A single file can have more than one hard link. What this means is that multiple
filenames refer to the same file (that is, they are associated with the same
inode number). However, you can't make hard links across filesystems: All hard
references to a particular file (inode) must be on the same filesystem. This
is because each filesystem has its own set of inodes, and there can be duplicate
inode numbers on different filesystems.
Because all hard links to a given inode refer to the same file, you
can make changes to the file, referring to it by one name, and then see those
changes when referring to it by a different name. Try this:
cd; echo "hello" > firstlink
cd to your home directory and create a file called firstlink
containing the word ``hello.'' What you've actually done is redirect the output
of echo (echo just echoes back what you give to it), placing
the output in firstlink. See the chapter on shells for a full explanation.
cat firstlink
Confirms the contents of firstlink.
ln firstlink secondlink
Creates a hard link: secondlink now points to the same inode as firstlink.
cat secondlink
Confirms that secondlink is the same as firstlink.
ls -l
Notice that the number of hard links listed for firstlink and secondlinkfiles!inodes
is 2.
echo "change" >> secondlink
This is another shell redirection trick (don't worry about the details). You've
appended the word ``change'' to secondlink. Confirm this with cat
secondlink.
cat firstlink
firstlink also has the word ``change'' appended! That's because firstlink
and secondlink refer to the same file. It doesn't matter what
you call it when you change it.
chmod a+rwx firstlink
Changes permissions on firstlink. Enter the command ls -l
to confirm that permissions on secondlink were also changed. This means
that permissions information is stored in the inode, not in links.
rm firstlink
Deletes this link. This is a subtlety of rm. It really removes links,
not files. Now type ls -l and notice that secondlink is still
there. Also notice that the number of hard links for secondlink has
been reduced to one.
rm secondlink
Deletes the other link. When there are no more links to a file, Linux deletes
the file itself, that is, its inode.
All files work like this - even special types of files such as devices (e.g.
/dev/hda).
A directory is simply a list of filenames and inode numbers, that is, a list
of hard links. When you create a hard link, you're just adding a name-number
pair to a directory.
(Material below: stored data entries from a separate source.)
theorem lemma3p6:
  fixes V :: "'a set" and R :: "(('a \<times> 'a) \<times> ('a \<times> 'a)) set" and X :: "'a set"
    and e f :: "('a \<times> 'a) set" and \<alpha> :: 'a
  assumes two: "two_structure V R"
    and XV: "X \<subset> V"
    and Xprime: "prime_2s X (induced_rel R X)"
    and S3: "\<not> (\<exists>Y. Y \<subseteq> V - X \<and> card Y = 3 \<and> prime_2s (X \<union> Y) (induced_rel R (X \<union> Y)))"
    and e: "e \<in> classes V R" and f: "f \<in> classes V R"
    and \<alpha>: "\<alpha> \<in> X"
    and noiso: "\<forall>u\<in>V - X. \<exists>w. outside_edge V R X u w"
  shows "(ext_set_ef V R X e f \<noteq> {} \<longrightarrow>
            (\<forall>e'\<in>classes V R. \<forall>f'\<in>classes V R. {e', f'} \<noteq> {e, f} \<longrightarrow> ext_set_ef V R X e' f' = {}))
       \<and> (ext_at_ef V R X \<alpha> e f \<noteq> {} \<longrightarrow>
            (\<forall>e'\<in>classes V R. \<forall>f'\<in>classes V R. {e', f'} \<noteq> {e, f} \<longrightarrow> ext_at_ef V R X \<alpha> e' f' = {}))"
proof (intro conjI impI ballI)
  fix e' f'
  assume "ext_set_ef V R X e f \<noteq> {}" "e' \<in> classes V R" "f' \<in> classes V R" "{e', f'} \<noteq> {e, f}"
  then show "ext_set_ef V R X e' f' = {}"
    using ext_set_ef_class_pair_unique[OF two Xprime S3 noiso _ _ e f] by blast
next
  fix e' f'
  assume "ext_at_ef V R X \<alpha> e f \<noteq> {}" "e' \<in> classes V R" "f' \<in> classes V R" "{e', f'} \<noteq> {e, f}"
  then show "ext_at_ef V R X \<alpha> e' f' = {}"
    using ext_at_ef_class_pair_unique[OF two Xprime S3 noiso \<alpha> _ _ e f] by blast
qed

end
When you delete a file, you're just removing a hard link
from a directory.
Types of Files
One detail we've been concealing up to now is that the Linux kernel considers
nearly everything to be a file. That includes directories and devices: They're
just special kinds of files.
As you may remember, the first character of an ls -l display represents
the type of the file. For an ordinary file, this will be simply -.
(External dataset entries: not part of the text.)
(* Let $S$ be a finite set with $|S|=n$ and let $\mathfrak S$ be a collection of subsets of $S$ such that $|r\triangle s|\in\{0,4,6,8\}$ for all $r,s\in\mathfrak S$ (the subsets may have different cardinalities). Then $|\mathfrak S|\le\max_{m\ge0}\big(\mathcal A_{m,n}+\mathcal A_{m+2,n}+\mathcal A_{m+4,n}+\mathcal A_{m+6,n}+\mathcal A_{m+8,n}\big)$.
   Context: For $0\le m\le n$, $\mathcal A_{m,n}$ is the maximal cardinality of a collection of $m$-element subsets of an $n$-element set such that any two members $r,s$ satisfy $|r\triangle s|\in\{0,4,6,8\}$; one sets $\mathcal A_{m,n}=0$ unless $0\le m\le n$. $\triangle$ is symmetric difference. *)

theory Defs
  imports Main
begin

definition sd_admissible :: "'a set set \<Rightarrow> bool" where
  "sd_admissible F \<longleftrightarrow>
     (\<forall>r\<in>F. \<forall>s\<in>F. card ((r - s) \<union> (s - r)) \<in> {0, 4, 6, 8})"

definition A :: "nat \<Rightarrow> nat \<Rightarrow> nat" where
  "A m n = Max (card ` {F. F \<subseteq> {r. r \<subseteq> {..<n} \<and> card r = m} \<and> sd_admissible F})"

end

theory Submission
  imports Defs
begin

text \<open>Two members of an admissible family have cardinalities differing by an even number
  of at most 8, since that difference is bounded by, and has the parity of, the size of
  their symmetric difference. Hence if m is the least cardinality occurring, the family
  splits into the five uniform subfamilies of cardinalities m, m+2, ..., m+8, each of
  which is admissible and so has at most A (m+k) n members.\<close>

lemma finite_admissible_families:
  "finite {F. F \<subseteq> {r. r \<subseteq> {..<n::nat} \<and> card r = m} \<and> sd_admissible F}"
  by (rule finite_subset[of _ "Pow (Pow {..<n})"]) auto

lemma A_le_power: "A m n \<le> 2 ^ n"
  unfolding A_def
proof (rule Max.boundedI)
  show "finite (card ` {F. F \<subseteq> {r. r \<subseteq> {..<n} \<and> card r = m} \<and> sd_admissible F})"
    using finite_admissible_families by blast
  have "{} \<in> {F. F \<subseteq> {r. r \<subseteq> {..<n} \<and> card r = m} \<and> sd_admissible F}"
    by (simp add: sd_admissible_def)
  then show "card ` {F. F \<subseteq> {r. r \<subseteq> {..<n} \<and> card r = m} \<and> sd_admissible F} \<noteq> {}"
    by blast
next
  fix a assume "a \<in> card ` {F. F \<subseteq> {r. r \<subseteq> {..<n} \<and> card r = m} \<and> sd_admissible F}"
  then obtain F where "a = card F" and "F \<subseteq> Pow {..<n}" by auto
  then show "a \<le> 2 ^ n"
    using card_mono[of "Pow {..<n}" F] by (simp add: card_Pow)
qed

lemma sd_admissible_subset: "sd_admissible F \<Longrightarrow> G \<subseteq> F \<Longrightarrow> sd_admissible G"
  unfolding sd_admissible_def by blast

lemma card_sym_diff_image:
  assumes "inj_on f X" and "r \<subseteq> X" and "s \<subseteq> X"
  shows "card (sym_diff (f ` r) (f ` s)) = card (sym_diff r s)"
proof -
  have "sym_diff (f ` r) (f ` s) = f ` sym_diff r s"
    using inj_on_image_set_diff[OF assms(1), of r s] inj_on_image_set_diff[OF assms(1), of s r]
      assms(2,3) by (auto simp: image_Un)
  moreover have "inj_on f (sym_diff r s)"
    using assms by (blast intro: inj_on_subset)
  ultimately show ?thesis
    by (simp add: card_image)
qed

lemma sd_admissible_image:
  assumes "inj_on f X" and "\<forall>r\<in>F. r \<subseteq> X" and "sd_admissible F"
  shows "sd_admissible (image f ` F)"
  using assms card_sym_diff_image[OF assms(1)] unfolding sd_admissible_def by auto

lemma card_le_A:
  fixes S :: "'a set"
  assumes "finite S" and "card S = n"
    and "F \<subseteq> {r. r \<subseteq> S \<and> card r = m}" and "sd_admissible F"
  shows "card F \<le> A m n"
proof -
  obtain f where f: "bij_betw f S {..<n}"
    using assms(1,2) by (metis card_lessThan finite_lessThan finite_same_card_bij)
  then have inj: "inj_on f S" by (rule bij_betw_imp_inj_on)
  have "inj_on (image f) F"
    using assms(3) by (auto intro: inj_on_subset[OF inj_on_image_Pow[OF inj]])
  then have "card (image f ` F) = card F" by (rule card_image)
  moreover have "image f ` F \<subseteq> {r. r \<subseteq> {..<n} \<and> card r = m}"
  proof
    fix x assume "x \<in> image f ` F"
    then obtain r where r: "x = f ` r" "r \<subseteq> S" "card r = m"
      using assms(3) by blast
    then have "x \<subseteq> {..<n}"
      using bij_betw_imp_surj_on[OF f] by blast
    moreover have "card x = m"
      using r inj_on_subset[OF inj] by (simp add: card_image)
    ultimately show "x \<in> {r. r \<subseteq> {..<n} \<and> card r = m}" by simp
  qed
  moreover have "sd_admissible (image f ` F)"
    using sd_admissible_image[OF inj] assms(3,4) by blast
  ultimately show ?thesis
    unfolding A_def using finite_admissible_families by (metis (mono_tags) Max_ge finite_imageI
        image_eqI mem_Collect_eq)
qed

lemma card_sym_diff:
  assumes "finite r" and "finite s"
  shows "card (sym_diff r s) + 2 * card (r \<inter> s) = card r + card s"
proof -
  have "card (sym_diff r s) = card (r - s) + card (s - r)"
    using assms by (intro card_Un_disjoint) auto
  moreover have "card r = card (r - s) + card (r \<inter> s)" "card s = card (s - r) + card (r \<inter> s)"
    using card_Int_Diff[OF assms(1), of s] card_Int_Diff[OF assms(2), of r]
    by (simp_all add: Int_commute)
  ultimately show ?thesis by simp
qed

lemma sd_admissible_card_gap:
  assumes "sd_admissible F" and "r \<in> F" and "s \<in> F"
    and "finite r" and "finite s" and "card s \<le> card r"
  shows "card r - card s \<in> {0, 2, 4, 6, 8}"
proof -
  have "card (sym_diff r s) \<in> {0, 4, 6, 8}"
    using assms(1-3) unfolding sd_admissible_def by blast
  moreover have "card (r \<inter> s) \<le> card s"
    using assms(5) by (simp add: card_mono)
  ultimately show ?thesis
    using card_sym_diff[OF assms(4,5)] assms(6) by auto presburger+
qed

lemma sd_admissible_cards_in_window:
  assumes "finite S" and "\<forall>r\<in>F. r \<subseteq> S" and "sd_admissible F"
  obtains m where "F = (\<Union>k\<in>{0, 2, 4, 6, 8}. {r \<in> F. card r = m + k})"
proof (cases "F = {}")
  case True
  then show ?thesis using that by simp
next
  case False
  have "finite F"
    using assms(1,2) by (meson Pow_iff finite_Pow_iff finite_subset subsetI)
  define m where "m = Min (card ` F)"
  have "m \<in> card ` F"
    unfolding m_def using \<open>finite F\<close> False by (intro Min_in) auto
  then obtain s where s: "s \<in> F" "card s = m" by blast
  have "F \<subseteq> (\<Union>k\<in>{0, 2, 4, 6, 8}. {r \<in> F. card r = m + k})"
  proof
    fix r assume r: "r \<in> F"
    have "m \<le> card r" using r \<open>finite F\<close> unfolding m_def by simp
    moreover have "finite r" "finite s" using r s(1) assms(1,2) finite_subset by blast+
    ultimately have "card r - m \<in> {0, 2, 4, 6, 8}"
      using sd_admissible_card_gap[OF assms(3) r s(1)] s(2) by simp
    then show "r \<in> (\<Union>k\<in>{0, 2, 4, 6, 8}. {r \<in> F. card r = m + k})"
      using r \<open>m \<le> card r\<close> by (intro UN_I[of "card r - m"]) auto
  qed
  then show ?thesis using that by blast
qed

lemma card_uniform_part_le_A:
  assumes "finite S" and "card S = n" and "\<forall>r\<in>F. r \<subseteq> S" and "sd_admissible F"
  shows "card {r \<in> F. card r = m} \<le> A m n"
proof (rule card_le_A[OF assms(1,2)])
  show "{r \<in> F. card r = m} \<subseteq> {r. r \<subseteq> S \<and> card r = m}"
    using assms(3) by auto
  show "sd_admissible {r \<in> F. card r = m}"
    by (rule sd_admissible_subset[OF assms(4)]) auto
qed

lemma bdd_above_A_window_sums:
  "bdd_above (range (\<lambda>m. A m n + A (m+2) n + A (m+4) n + A (m+6) n + A (m+8) n))"
proof (rule bdd_aboveI[of _ "5 * 2 ^ n"])
  fix x assume "x \<in> range (\<lambda>m. A m n + A (m+2) n + A (m+4) n + A (m+6) n + A (m+8) n)"
  then obtain k where "x = A k n + A (k+2) n + A (k+4) n + A (k+6) n + A (k+8) n" by blast
  then show "x \<le> 5 * 2 ^ n"
    using A_le_power[of k n] A_le_power[of "k+2" n] A_le_power[of "k+4" n]
      A_le_power[of "k+6" n] A_le_power[of "k+8" n] by linarith
qed

theorem lemma4p3:
  fixes S :: "'a set" and \<S> :: "'a set set" and n :: nat
  assumes "finite S" and "card S = n"
    and "\<forall>r\<in>\<S>. r \<subseteq> S"
    and "sd_admissible \<S>"
  shows "card \<S> \<le> (SUP m. A m n + A (m+2) n + A (m+4) n + A (m+6) n + A (m+8) n)"
proof -
  obtain m where window: "\<S> = (\<Union>k\<in>{0, 2, 4, 6, 8}. {r \<in> \<S>. card r = m + k})"
    using sd_admissible_cards_in_window[OF assms(1,3,4)] .
  have "card \<S> = card (\<Union>k\<in>{0, 2, 4, 6, 8}. {r \<in> \<S>. card r = m + k})"
    using window by (rule arg_cong)
  also have "\<dots> \<le> (\<Sum>k\<in>{0, 2, 4, 6, 8}. card {r \<in> \<S>. card r = m + k})"
    by (rule card_UN_le) simp
  also have "\<dots> \<le> (\<Sum>k\<in>{0, 2, 4, 6, 8}. A (m + k) n)"
    by (intro sum_mono card_uniform_part_le_A[OF assms])
  also have "\<dots> = A m n + A (m+2) n + A (m+4) n + A (m+6) n + A (m+8) n"
    by simp
  also have "\<dots> \<le> (SUP m. A m n + A (m+2) n + A (m+4) n + A (m+6) n + A (m+8) n)"
    using bdd_above_A_window_sums by (rule cSUP_upper[OF UNIV_I])
  finally show ?thesis .
qed

end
Other possibilities include the following:
Symbolic links (also called ``symlinks'' or ``soft links'') are the other
kind of link besides hard links. A symlink is a special file that ``points
to'' a hard link on any mounted filesystem. When you try to read the contents
of a symlink, it gives the contents of the file it's pointing to rather than
the contents of the symlink itself. Because directories, devices, and other
symlinks are types of files, you can point a symlink at any of those things.
So a hard link is a filename and an inode number. A file is really an inode:
a location on disk, file type, permissions mode, etc. A symlink is an inode
that contains the name of a hard link. A symlink pairs one filename with a second
filename, whereas a hard link pairs a filename with an inode number.
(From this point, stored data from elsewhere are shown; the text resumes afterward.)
(* Let $b\ge2$ be an integer, $\lambda\in(1/b,1)$, and let $\phi$ be a $\mathbb{Z}$-periodic Lipschitz function such that $W=W^\phi_{\lambda,b}$ is not Lipschitz. Then every $C^2$-regulating period of $W$ is a rational number.
   Context: $W^\phi_{\lambda,b}(x)=\sum_{n\ge0}\lambda^n\phi(b^nx)$. For $k\in\mathbb{Z}_+$, $t\in\mathbb{R}$ is a $C^k$-regulating period of $W$ if $x\mapsto W(x+t)-W(x)$ is a $C^k$ function. *)

theory Defs
  imports "HOL-Analysis.Analysis"
begin

definition weierstrass_fun :: "(real \<Rightarrow> real) \<Rightarrow> real \<Rightarrow> nat \<Rightarrow> real \<Rightarrow> real" where
  "weierstrass_fun \<phi> lam b x = (\<Sum>n. lam ^ n * \<phi> (real b ^ n * x))"

definition C_k :: "nat \<Rightarrow> (real \<Rightarrow> real) \<Rightarrow> bool" where
  "C_k k f \<longleftrightarrow> (\<exists>D :: nat \<Rightarrow> real \<Rightarrow> real. D 0 = f \<and>
      (\<forall>i<k. \<forall>x. (D i has_real_derivative D (Suc i) x) (at x)) \<and>
      continuous_on UNIV (D k))"

definition regulating_period :: "nat \<Rightarrow> (real \<Rightarrow> real) \<Rightarrow> real \<Rightarrow> bool" where
  "regulating_period k W t \<longleftrightarrow> C_k k (\<lambda>x. W (x + t) - W x)"

end

theory Submission
  imports Defs
begin

text \<open>
  Let A be the transfer operator of x \<mapsto> b x, which averages a function over the b
  preimages of a point. From W = \<phi> + \<lambda> W(b x) one gets
  A^m W = \<lambda>^m (W + \<Sum>_{j<m} A^{j+1} \<phi> / \<lambda>^{j+1}), and A^j \<phi> is (Lp / b^j)-Lipschitz,
  so since \<lambda> b > 1 the corrections converge to a Lipschitz function R. For U = W + R and a
  period t for which g(x) = W(x + t) - W(x) is Lipschitz (as it is when g is C^1, g being
  1-periodic), A^m g / \<lambda>^m is then uniformly
  within O(r^m), r = 1 / (\<lambda> b), of U(x + b^m t) - U(x), while its oscillation is O(r^m);
  as U is bounded, U(x + b^m t) - U(x) = O(r^m).

  U is continuous, 1-periodic and not constant (else W = const - R would be Lipschitz), so its
  periods form a discrete group containing 1, made of rationals. Eventually b^m t is close to
  periods p_m; then b p_m - p_{m+1} is a short period, hence 0, which forces b^m t = p_m.
\<close>

section \<open>Periods of real functions\<close>

definition is_period :: "(real \<Rightarrow> real) \<Rightarrow> real \<Rightarrow> bool" where
  "is_period f p \<longleftrightarrow> (\<forall>x. f (x + p) = f x)"

lemma is_periodD: "is_period f p \<Longrightarrow> f (x + p) = f x"
  unfolding is_period_def by blast

lemma is_period_0 [simp]: "is_period f 0"
  unfolding is_period_def by simp

lemma is_period_add: "is_period f p \<Longrightarrow> is_period f q \<Longrightarrow> is_period f (p + q)"
  unfolding is_period_def by (metis add.assoc)

lemma is_period_minus: "is_period f p \<Longrightarrow> is_period f (- p)"
  unfolding is_period_def by (metis add.commute add_minus_cancel)

lemma is_period_diff: "is_period f p \<Longrightarrow> is_period f q \<Longrightarrow> is_period f (p - q)"
  using is_period_add[of f p "- q"] is_period_minus[of f q] by simp

lemma is_period_of_nat_mult: "is_period f p \<Longrightarrow> is_period f (real k * p)"
  by (induction k) (simp_all add: distrib_right is_period_add)

lemma is_period_of_int_mult: "is_period f p \<Longrightarrow> is_period f (of_int n * p)"
  using is_period_of_nat_mult[of f p "nat \<bar>n\<bar>"] is_period_minus[of f "real (nat \<bar>n\<bar>) * p"]
  by (cases "n \<ge> 0") simp_all

lemma is_period_of_int: "is_period f 1 \<Longrightarrow> is_period f (of_int n)"
  using is_period_of_int_mult[of f 1 n] by simp

lemma is_period_of_nat: "is_period f 1 \<Longrightarrow> is_period f (real k)"
  using is_period_of_nat_mult[of f 1 k] by simp

lemma is_period_increment:
  assumes "is_period f p"
  shows "is_period (\<lambda>x. f (x + t) - f x) p"
  unfolding is_period_def
proof
  fix x
  have "f (x + p + t) = f (x + t + p)"
    by (simp add: algebra_simps)
  then show "f (x + p + t) - f (x + p) = f (x + t) - f x"
    using is_periodD[OF assms] by simp
qed

lemma periodic_eq_frac:
  assumes "is_period f 1"
  shows "f x = f (frac x)"
proof -
  have "f (frac x + of_int \<lfloor>x\<rfloor>) = f (frac x)"
    by (rule is_periodD[OF is_period_of_int[OF assms]])
  then show ?thesis by (simp add: frac_def)
qed

lemma periodic_lipschitz_oscillation:
  assumes "is_period f 1" and "L-lipschitz_on UNIV f"
  shows "\<bar>f x - f y\<bar> \<le> L"
proof -
  have "\<bar>frac x - frac y\<bar> \<le> 1"
    using frac_lt_1[of x] frac_lt_1[of y] frac_ge_0[of x] frac_ge_0[of y] by linarith
  then have "L * \<bar>frac x - frac y\<bar> \<le> L"
    using lipschitz_on_nonneg[OF assms(2)] by (simp add: mult_left_le)
  moreover have "\<bar>f (frac x) - f (frac y)\<bar> \<le> L * \<bar>frac x - frac y\<bar>"
    using lipschitz_onD[OF assms(2)] by (simp add: dist_real_def)
  ultimately show ?thesis
    using periodic_eq_frac[OF assms(1)] by (metis order_trans)
qed

lemma continuous_periodic_bounded:
  assumes "continuous_on UNIV f" and "is_period f 1"
  obtains B where "\<And>x. \<bar>f x\<bar> \<le> B"
proof -
  have "compact (f ` {0..1})"
    by (rule compact_continuous_image[OF continuous_on_subset[OF assms(1)] compact_Icc]) simp
  then obtain B where B: "\<forall>z\<in>f ` {0..1}. \<bar>z\<bar> \<le> B"
    using compact_imp_bounded bounded_iff by (metis real_norm_def)
  have "\<bar>f x\<bar> \<le> B" for x
    using B periodic_eq_frac[OF assms(2), of x] frac_ge_0[of x] frac_lt_1[of x] by force
  then show thesis by (rule that)
qed

lemma C_k_has_continuous_derivative:
  assumes "C_k k g" and "1 \<le> k"
  obtains g' where "\<And>x. (g has_real_derivative g' x) (at x)" and "continuous_on UNIV g'"
proof -
  obtain D where "D 0 = g" and D: "\<And>i x. i < k \<Longrightarrow> (D i has_real_derivative D (Suc i) x) (at x)"
    and "continuous_on UNIV (D k)"
    using \<open>C_k k g\<close> unfolding C_k_def by blast
  have "(g has_real_derivative D 1 x) (at x)" for x
    using D[of 0] \<open>D 0 = g\<close> \<open>1 \<le> k\<close> by simp
  moreover have "continuous_on UNIV (D 1)"
  proof (cases "k = 1")
    case True
    then show ?thesis using \<open>continuous_on UNIV (D k)\<close> by simp
  next
    case False
    then have "(D 1 has_real_derivative D 2 x) (at x)" for x
      using D[of 1] \<open>1 \<le> k\<close> by (simp add: numeral_2_eq_2)
    then show ?thesis
      by (meson DERIV_isCont continuous_at_imp_continuous_on)
  qed
  ultimately show thesis by (rule that)
qed

lemma periodic_continuous_derivative_lipschitz:
  assumes g': "\<And>x. (g has_real_derivative g' x) (at x)" and "continuous_on UNIV g'"
    and per: "is_period g 1"
  obtains K where "K-lipschitz_on UNIV g"
proof -
  have "is_period g' 1"
    unfolding is_period_def
  proof
    fix x
    have "((\<lambda>x. g (x + 1)) has_real_derivative g' (x + 1)) (at x)"
      using DERIV_shift g' by blast
    then show "g' (x + 1) = g' x"
      using is_periodD[OF per] g'[of x] DERIV_unique by simp
  qed
  then obtain M where M: "\<And>x. \<bar>g' x\<bar> \<le> M"
    using continuous_periodic_bounded[OF \<open>continuous_on UNIV g'\<close>] by blast
  have "M-lipschitz_on UNIV g"
  proof (rule lipschitz_on_leI)
    fix x y :: real
    assume "x \<le> y"
    show "dist (g x) (g y) \<le> M * dist x y"
    proof (cases "x = y")
      case False
      then obtain z where "g y - g x = (y - x) * g' z"
        using MVT2[of x y g g'] \<open>x \<le> y\<close> g' by fastforce
      then have "dist (g x) (g y) = (y - x) * \<bar>g' z\<bar>"
        using \<open>x \<le> y\<close> by (metis abs_minus_commute abs_mult abs_of_nonneg diff_ge_0_iff_ge dist_real_def)
      also have "\<dots> \<le> (y - x) * M"
        using M[of z] \<open>x \<le> y\<close> by (intro mult_left_mono) simp_all
      finally show ?thesis
        using \<open>x \<le> y\<close> by (simp add: dist_real_def mult.commute)
    qed simp
  next
    show "0 \<le> M" using M[of 0] by simp
  qed
  then show thesis by (rule that)
qed

lemma bounded_increment_constant_bound:
  fixes f :: "real \<Rightarrow> real"
  assumes bounded: "\<And>y. \<bar>f y\<bar> \<le> B" and near: "\<And>y. \<bar>f (y + s) - f y - \<kappa>\<bar> \<le> \<rho>"
  shows "\<bar>\<kappa>\<bar> \<le> \<rho>"
proof (rule ccontr)
  assume "\<not> \<bar>\<kappa>\<bar> \<le> \<rho>"
  have telescope: "\<bar>f (real n * s) - f 0 - real n * \<kappa>\<bar> \<le> real n * \<rho>" for n
  proof (induction n)
    case (Suc n)
    have "\<bar>f (real n * s + s) - f (real n * s) - \<kappa>\<bar> \<le> \<rho>"
      by (rule near)
    with Suc show ?case
      by (simp add: algebra_simps)
  qed simp
  obtain n :: nat where n: "2 * B / (\<bar>\<kappa>\<bar> - \<rho>) < real n"
    using reals_Archimedean2 by blast
  have "real n * \<bar>\<kappa>\<bar> \<le> \<bar>f (real n * s) - f 0\<bar> + real n * \<rho>"
    using telescope[of n] abs_triangle_ineq2[of "f (real n * s) - f 0" "real n * \<kappa>"]
    by (simp add: abs_mult)
  also have "\<bar>f (real n * s) - f 0\<bar> \<le> 2 * B"
    using bounded[of "real n * s"] bounded[of 0] by linarith
  finally have "real n * (\<bar>\<kappa>\<bar> - \<rho>) \<le> 2 * B"
    by (simp add: algebra_simps)
  then show False
    using n \<open>\<not> \<bar>\<kappa>\<bar> \<le> \<rho>\<close> by (simp add: field_simps)
qed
All hard links to the same file have equal status. That is, one is as good as
another; if you perform any operation on one, it's just the same as performing
that operation on any of the others. This is because the hard links all refer
to the same inode. Operations on symlinks, on the other hand, sometimes affect
the symlink's own inode (the one containing the name of a hard link) and sometimes
affect the hard link being pointed to.
There are a number of important differences between symlinks and hard links.
Symlinks can cross filesystems. This is because they contain complete filenames,
starting with the root directory, and all complete filenames are unique. Because
hard links point to inode numbers, and inode numbers are unique only within
a single filesystem, they would be ambiguous if the filesystem wasn't known.
You can make symlinks to directories, but you can't make hard links to them.
Each directory has hard links - its listing in its parent directory, its .
entry, and the .. entry in each of its subdirectories - but to impose
order on the filesystem, no other hard links to directories are allowed. Consequently,
the number of files in a directory is equal to the number of hard links to that
directory minus two (you subtract the directory's name and the . link).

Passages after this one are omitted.